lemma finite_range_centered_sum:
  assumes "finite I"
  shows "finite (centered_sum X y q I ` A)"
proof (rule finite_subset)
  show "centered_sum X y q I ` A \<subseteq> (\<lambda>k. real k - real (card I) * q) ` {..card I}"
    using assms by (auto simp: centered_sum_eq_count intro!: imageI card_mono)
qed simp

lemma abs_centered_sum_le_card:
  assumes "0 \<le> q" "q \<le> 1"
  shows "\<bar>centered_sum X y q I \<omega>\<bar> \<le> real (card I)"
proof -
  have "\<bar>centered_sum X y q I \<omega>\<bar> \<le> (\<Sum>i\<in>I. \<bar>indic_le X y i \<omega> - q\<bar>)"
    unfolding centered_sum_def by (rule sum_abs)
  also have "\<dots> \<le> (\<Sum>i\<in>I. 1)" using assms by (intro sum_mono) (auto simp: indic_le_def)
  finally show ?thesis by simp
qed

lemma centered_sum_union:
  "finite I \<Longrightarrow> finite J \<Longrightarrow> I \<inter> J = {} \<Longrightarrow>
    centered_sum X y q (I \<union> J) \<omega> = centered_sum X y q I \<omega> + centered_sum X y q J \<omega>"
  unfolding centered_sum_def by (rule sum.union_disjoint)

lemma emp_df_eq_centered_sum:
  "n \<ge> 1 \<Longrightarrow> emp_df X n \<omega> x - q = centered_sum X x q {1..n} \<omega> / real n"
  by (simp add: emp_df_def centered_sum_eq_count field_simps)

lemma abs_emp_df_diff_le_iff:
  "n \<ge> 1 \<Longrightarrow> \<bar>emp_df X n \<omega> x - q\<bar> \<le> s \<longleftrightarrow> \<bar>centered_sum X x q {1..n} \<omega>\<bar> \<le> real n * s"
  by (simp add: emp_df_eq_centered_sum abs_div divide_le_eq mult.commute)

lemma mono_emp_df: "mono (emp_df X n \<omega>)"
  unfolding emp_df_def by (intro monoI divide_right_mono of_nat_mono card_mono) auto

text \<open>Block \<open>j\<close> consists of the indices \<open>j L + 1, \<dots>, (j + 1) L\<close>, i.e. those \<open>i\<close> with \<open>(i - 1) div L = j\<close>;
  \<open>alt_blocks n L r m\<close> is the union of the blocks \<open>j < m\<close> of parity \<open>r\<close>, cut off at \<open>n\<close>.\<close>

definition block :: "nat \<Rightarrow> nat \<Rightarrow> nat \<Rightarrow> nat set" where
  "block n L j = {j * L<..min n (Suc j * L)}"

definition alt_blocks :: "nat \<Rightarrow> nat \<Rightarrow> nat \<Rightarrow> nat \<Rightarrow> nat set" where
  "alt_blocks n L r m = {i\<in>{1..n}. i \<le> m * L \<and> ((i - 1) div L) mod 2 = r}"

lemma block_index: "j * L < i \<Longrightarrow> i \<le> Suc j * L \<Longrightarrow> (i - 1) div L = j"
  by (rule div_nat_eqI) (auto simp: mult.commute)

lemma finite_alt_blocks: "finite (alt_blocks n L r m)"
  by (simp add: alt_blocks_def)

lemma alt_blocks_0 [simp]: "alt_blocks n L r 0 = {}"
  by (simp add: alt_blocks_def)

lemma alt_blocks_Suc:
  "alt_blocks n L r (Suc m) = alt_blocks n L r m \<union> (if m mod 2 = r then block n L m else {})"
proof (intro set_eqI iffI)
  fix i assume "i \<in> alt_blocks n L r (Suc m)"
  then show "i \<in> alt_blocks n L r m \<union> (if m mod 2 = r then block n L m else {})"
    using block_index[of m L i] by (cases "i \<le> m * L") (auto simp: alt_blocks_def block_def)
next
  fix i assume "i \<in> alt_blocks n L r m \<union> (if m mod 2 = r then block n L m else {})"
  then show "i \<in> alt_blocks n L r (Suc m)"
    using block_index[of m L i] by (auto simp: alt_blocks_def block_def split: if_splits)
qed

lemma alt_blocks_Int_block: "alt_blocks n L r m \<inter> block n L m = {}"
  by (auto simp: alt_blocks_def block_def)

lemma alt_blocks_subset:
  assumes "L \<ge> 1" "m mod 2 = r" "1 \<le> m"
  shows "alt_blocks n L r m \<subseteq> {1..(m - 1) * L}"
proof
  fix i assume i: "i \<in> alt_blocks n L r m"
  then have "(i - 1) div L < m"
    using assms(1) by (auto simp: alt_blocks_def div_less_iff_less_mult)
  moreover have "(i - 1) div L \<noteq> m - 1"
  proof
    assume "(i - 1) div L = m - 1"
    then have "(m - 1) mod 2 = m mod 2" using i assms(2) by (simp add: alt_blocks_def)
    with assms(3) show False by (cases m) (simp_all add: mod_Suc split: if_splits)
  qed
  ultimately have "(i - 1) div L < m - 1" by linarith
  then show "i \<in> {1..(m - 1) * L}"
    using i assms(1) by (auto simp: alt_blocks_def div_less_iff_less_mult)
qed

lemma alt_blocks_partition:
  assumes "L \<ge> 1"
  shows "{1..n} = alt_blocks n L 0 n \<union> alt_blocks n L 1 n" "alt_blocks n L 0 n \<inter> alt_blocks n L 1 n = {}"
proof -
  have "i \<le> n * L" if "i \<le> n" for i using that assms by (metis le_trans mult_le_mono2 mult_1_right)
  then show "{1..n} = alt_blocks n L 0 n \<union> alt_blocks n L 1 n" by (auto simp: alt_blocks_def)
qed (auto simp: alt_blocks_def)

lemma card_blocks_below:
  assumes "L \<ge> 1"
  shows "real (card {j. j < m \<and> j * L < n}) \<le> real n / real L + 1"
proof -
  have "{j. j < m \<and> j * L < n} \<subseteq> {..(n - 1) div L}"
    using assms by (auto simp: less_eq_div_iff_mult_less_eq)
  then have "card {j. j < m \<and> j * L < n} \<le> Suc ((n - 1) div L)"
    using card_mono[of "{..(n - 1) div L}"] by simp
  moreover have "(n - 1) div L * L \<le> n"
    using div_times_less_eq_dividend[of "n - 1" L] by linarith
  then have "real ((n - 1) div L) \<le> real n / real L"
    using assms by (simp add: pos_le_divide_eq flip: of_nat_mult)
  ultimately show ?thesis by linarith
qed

........

PROBLEM STATEMENT: Beginning with the first line, transcribe the complete listing exactly.

RESULT OF THE TASK:
lemma finite_range_centered_sum:
  assumes "finite I"
  shows "finite (centered_sum X y q I ` A)"
proof (rule finite_subset)
  show "centered_sum X y q I ` A \<subseteq> (\<lambda>k. real k - real (card I) * q) ` {..card I}"
    using assms by (auto simp: centered_sum_eq_count intro!: imageI card_mono)
qed simp

lemma abs_centered_sum_le_card:
  assumes "0 \<le> q" "q \<le> 1"
  shows "\<bar>centered_sum X y q I \<omega>\<bar> \<le> real (card I)"
proof -
  have "\<bar>centered_sum X y q I \<omega>\<bar> \<le> (\<Sum>i\<in>I. \<bar>indic_le X y i \<omega> - q\<bar>)"
    unfolding centered_sum_def by (rule sum_abs)
  also have "\<dots> \<le> (\<Sum>i\<in>I. 1)" using assms by (intro sum_mono) (auto simp: indic_le_def)
  finally show ?thesis by simp
qed

lemma centered_sum_union:
  "finite I \<Longrightarrow> finite J \<Longrightarrow> I \<inter> J = {} \<Longrightarrow>
    centered_sum X y q (I \<union> J) \<omega> = centered_sum X y q I \<omega> + centered_sum X y q J \<omega>"
  unfolding centered_sum_def by (rule sum.union_disjoint)

lemma emp_df_eq_centered_sum:
  "n \<ge> 1 \<Longrightarrow> emp_df X n \<omega> x - q = centered_sum X x q {1..n} \<omega> / real n"
  by (simp add: emp_df_def centered_sum_eq_count field_simps)

lemma abs_emp_df_diff_le_iff:
  "n \<ge> 1 \<Longrightarrow> \<bar>emp_df X n \<omega> x - q\<bar> \<le> s \<longleftrightarrow> \<bar>centered_sum X x q {1..n} \<omega>\<bar> \<le> real n * s"
  by (simp add: emp_df_eq_centered_sum abs_div divide_le_eq mult.commute)

lemma mono_emp_df: "mono (emp_df X n \<omega>)"
  unfolding emp_df_def by (intro monoI divide_right_mono of_nat_mono card_mono) auto

text \<open>Block \<open>j\<close> consists of the indices \<open>j L + 1, \<dots>, (j + 1) L\<close>, i.e. those \<open>i\<close> with \<open>(i - 1) div L = j\<close>;
  \<open>alt_blocks n L r m\<close> is the union of the blocks \<open>j < m\<close> of parity \<open>r\<close>, cut off at \<open>n\<close>.\<close>

definition block :: "nat \<Rightarrow> nat \<Rightarrow> nat \<Rightarrow> nat set" where
  "block n L j = {j * L<..min n (Suc j * L)}"

definition alt_blocks :: "nat \<Rightarrow> nat \<Rightarrow> nat \<Rightarrow> nat \<Rightarrow> nat set" where
  "alt_blocks n L r m = {i\<in>{1..n}. i \<le> m * L \<and> ((i - 1) div L) mod 2 = r}"

lemma block_index: "j * L < i \<Longrightarrow> i \<le> Suc j * L \<Longrightarrow> (i - 1) div L = j"
  by (rule div_nat_eqI) (auto simp: mult.commute)

lemma finite_alt_blocks: "finite (alt_blocks n L r m)"
  by (simp add: alt_blocks_def)

lemma alt_blocks_0 [simp]: "alt_blocks n L r 0 = {}"
  by (simp add: alt_blocks_def)

lemma alt_blocks_Suc:
  "alt_blocks n L r (Suc m) = alt_blocks n L r m \<union> (if m mod 2 = r then block n L m else {})"
proof (intro set_eqI iffI)
  fix i assume "i \<in> alt_blocks n L r (Suc m)"
  then show "i \<in> alt_blocks n L r m \<union> (if m mod 2 = r then block n L m else {})"
    using block_index[of m L i] by (cases "i \<le> m * L") (auto simp: alt_blocks_def block_def)
next
  fix i assume "i \<in> alt_blocks n L r m \<union> (if m mod 2 = r then block n L m else {})"
  then show "i \<in> alt_blocks n L r (Suc m)"
    using block_index[of m L i] by (auto simp: alt_blocks_def block_def split: if_splits)
qed

lemma alt_blocks_Int_block: "alt_blocks n L r m \<inter> block n L m = {}"
  by (auto simp: alt_blocks_def block_def)

lemma alt_blocks_subset:
  assumes "L \<ge> 1" "m mod 2 = r" "1 \<le> m"
  shows "alt_blocks n L r m \<subseteq> {1..(m - 1) * L}"
proof
  fix i assume i: "i \<in> alt_blocks n L r m"
  then have "(i - 1) div L < m"
    using assms(1) by (auto simp: alt_blocks_def div_less_iff_less_mult)
  moreover have "(i - 1) div L \<noteq> m - 1"
  proof
    assume "(i - 1) div L = m - 1"
    then have "(m - 1) mod 2 = m mod 2" using i assms(2) by (simp add: alt_blocks_def)
    with assms(3) show False by (cases m) (simp_all add: mod_Suc split: if_splits)
  qed
  ultimately have "(i - 1) div L < m - 1" by linarith
  then show "i \<in> {1..(m - 1) * L}"
    using i assms(1) by (auto simp: alt_blocks_def div_less_iff_less_mult)
qed

lemma alt_blocks_partition:
  assumes "L \<ge> 1"
  shows "{1..n} = alt_blocks n L 0 n \<union> alt_blocks n L 1 n" "alt_blocks n L 0 n \<inter> alt_blocks n L 1 n = {}"
proof -
  have "i \<le> n * L" if "i \<le> n" for i using that assms by (metis le_trans mult_le_mono2 mult_1_right)
  then show "{1..n} = alt_blocks n L 0 n \<union> alt_blocks n L 1 n" by (auto simp: alt_blocks_def)
qed (auto simp: alt_blocks_def)

lemma card_blocks_below:
  assumes "L \<ge> 1"
  shows "real (card {j. j < m \<and> j * L < n}) \<le> real n / real L + 1"
proof -
  have "{j. j < m \<and> j * L < n} \<subseteq> {..(n - 1) div L}"
    using assms by (auto simp: less_eq_div_iff_mult_less_eq)
  then have "card {j. j < m \<and> j * L < n} \<le> Suc ((n - 1) div L)"
    using card_mono[of "{..(n - 1) div L}"] by simp
  moreover have "(n - 1) div L * L \<le> n"
    using div_times_less_eq_dividend[of "n - 1" L] by linarith
  then have "real ((n - 1) div L) \<le> real n / real L"
    using assms by (simp add: pos_le_divide_eq flip: of_nat_mult)
  ultimately show ?thesis by linarith
qed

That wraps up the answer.